• [Work to be completed]: Could you restate word for word every line of the records below, from the first one to the one holding "Ploc. Rest (z1"?

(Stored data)
lemma Int_stable_cylinder_sets: "Int_stable cylinder_sets"
proof (rule Int_stableI)
  fix a b assume "a \<in> cylinder_sets" "b \<in> cylinder_sets"
  then obtain z1 A1 z2 A2 where a: "a = {\<pi> \<in> Ploc. Rest z1 \<pi> \<in> A1}" "finite z1" "z1 \<subseteq> {0..}"
    and b: "b = {\<pi> \<in> Ploc. Rest z2 \<pi> \<in> A2}" "finite z2" "z2 \<subseteq> {0..}"
    unfolding cylinder_sets_def by blast
  have "a \<inter> b = {\<pi> \<in> Ploc. Rest (z1 \<union> z2) \<pi> \<in> {q. Rest z1 q \<in> A1 \<and> Rest z2 q \<in> A2}}"
    using a b by (auto simp: Rest_Rest)
  then show "a \<inter> b \<in> cylinder_sets" using a b unfolding cylinder_sets_def by blast
qed

lemma sets_Ploc_M_cylinder_sets: "sets Ploc_M = sigma_sets Ploc cylinder_sets"
  unfolding sets_Ploc_M
proof (rule sigma_sets_eqI)
  fix a assume "a \<in> cylinder_sets"
  then obtain z A where "a = (\<Union>q\<in>A \<inter> Parts z. cylinder z q)" "finite z" "z \<subseteq> {0..}"
    unfolding cylinder_sets_def using Rest_vimage_eq_Union_cylinder by blast
  then have "a \<in> sets Ploc_M"
    using finite_Parts cylinder_in_sets by auto
  then show "a \<in> sigma_sets Ploc {cylinder z q | z q. finite z \<and> z \<subseteq> {0..} \<and> q \<in> Parts z}"
    unfolding sets_Ploc_M .
next
  fix b assume "b \<in> {cylinder z q | z q. finite z \<and> z \<subseteq> {0..} \<and> q \<in> Parts z}"
  then obtain z q where "b = {\<pi> \<in> Ploc. Rest z \<pi> \<in> {q}}" "finite z" "z \<subseteq> {0..}"
    unfolding cylinder_def by auto
  then show "b \<in> sigma_sets Ploc cylinder_sets" unfolding cylinder_sets_def by blast
qed

lemma measure_Union_cylinder:
  assumes "finite_measure N" "sets N = sets Ploc_M" "finite z" "z \<subseteq> {0..}"
  shows "measure N (\<Union>q\<in>A \<inter> Parts z. cylinder z q) = (\<Sum>q\<in>A \<inter> Parts z. measure N (cylinder z q))"
proof (rule finite_measure.finite_measure_finite_Union[OF assms(1)])
  show "finite (A \<inter> Parts z)" using finite_Parts[OF assms(3)] by simp
  show "cylinder z ` (A \<inter> Parts z) \<subseteq> sets N"
    using cylinder_in_sets[OF assms(3,4)] assms(2) by auto
  show "disjoint_family_on (cylinder z) (A \<inter> Parts z)"
    by (auto simp: disjoint_family_on_def cylinder_def)
qed

lemma measure_eqI_cylinder:
  assumes "finite_measure N1" "finite_measure N2"
    and "sets N1 = sets Ploc_M" "sets N2 = sets Ploc_M"
    and eq: "\<And>z q. finite z \<Longrightarrow> z \<subseteq> {0..} \<Longrightarrow> q \<in> Parts z \<Longrightarrow>
       measure N1 (cylinder z q) = measure N2 (cylinder z q)"
  shows "N1 = N2"
proof (rule measure_eqI_generator_eq_countable[where E = cylinder_sets and \<Omega> = Ploc and A = "{Ploc}"])
  show "Int_stable cylinder_sets" by (rule Int_stable_cylinder_sets)
  show "cylinder_sets \<subseteq> Pow Ploc" unfolding cylinder_sets_def by auto
  show "sets N1 = sigma_sets Ploc cylinder_sets" "sets N2 = sigma_sets Ploc cylinder_sets"
    using assms(3,4) by (simp_all add: sets_Ploc_M_cylinder_sets)
  have "Ploc = {\<pi> \<in> Ploc. Rest {} \<pi> \<in> UNIV}" by auto
  then show "{Ploc} \<subseteq> cylinder_sets" unfolding cylinder_sets_def by blast
  show "\<Union> {Ploc} = Ploc" "countable {Ploc}" by auto
  show "\<And>a. a \<in> {Ploc} \<Longrightarrow> emeasure N1 a \<noteq> \<infinity>"
    using finite_measure.emeasure_finite[OF assms(1)] by auto
  fix C assume "C \<in> cylinder_sets"
  then obtain z A where C: "C = (\<Union>q\<in>A \<inter> Parts z. cylinder z q)" "finite z" "z \<subseteq> {0..}"
    unfolding cylinder_sets_def using Rest_vimage_eq_Union_cylinder by blast
  then have "measure N1 C = measure N2 C"
    using assms eq by (simp add: measure_Union_cylinder)
  then show "emeasure N1 C = emeasure N2 C"
    using assms(1,2) by (simp add: finite_measure.emeasure_eq_measure)
qed

lemma measure_distr_Rest:
  assumes "sets N = sets Ploc_M" "finite z" "z \<subseteq> {0..}" "q \<in> Parts z"
  shows "measure (distr N (count_space (Parts z)) (Rest z)) {q} = measure N (cylinder z q)"
proof -
  have "Rest z \<in> measurable N (count_space (Parts z))"
    using measurable_Rest[OF assms(2,3)] measurable_cong_sets[OF assms(1) refl] by blast
  moreover have "Rest z -` {q} \<inter> space N = cylinder z q"
    using sets_eq_imp_space_eq[OF assms(1)] by (auto simp: space_Ploc_M cylinder_def)
  ultimately show ?thesis
    using assms(4) by (subst measure_distr) auto
qed

lemma vimage_cylinder:
  assumes "Y \<in> measurable M Ploc_M"
  shows "Y -` cylinder z q \<inter> space M = {\<omega> \<in> space M. Rest z (Y \<omega>) = q}"
  using measurable_space[OF assms] by (auto simp: cylinder_def space_Ploc_M)

lemma Rest_eq_in_sets:
  assumes "Y \<in> measurable M Ploc_M" "finite z" "z \<subseteq> {0..}"
  shows "{\<omega> \<in> space M. Rest z (Y \<omega>) = q} \<in> sets M"
  using measurable_sets[OF assms(1) cylinder_in_sets[OF assms(2,3)]] vimage_cylinder[OF assms(1)]
  by simp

• [Reply]:
lemma Int_stable_cylinder_sets: "Int_stable cylinder_sets"
proof (rule Int_stableI)
  fix a b assume "a \<in> cylinder_sets" "b \<in> cylinder_sets"
  then obtain z1 A1 z2 A2 where a: "a = {\<pi> \<in> Ploc. Rest z1 \<pi> \<in> A1}" "finite z1" "z1 \<subseteq> {0..}"
    and b: "b = {\<pi> \<in> Ploc. Rest z2 \<pi> \<in> A2}" "finite z2" "z2 \<subseteq> {0..}"
    unfolding cylinder_sets_def by blast
  have "a \<inter> b = {\<pi> \<in> Ploc. Rest (z1 \<union> z2) \<pi> \<in> {q. Rest z1 q \<in> A1 \<and> Rest z2 q \<in> A2}}"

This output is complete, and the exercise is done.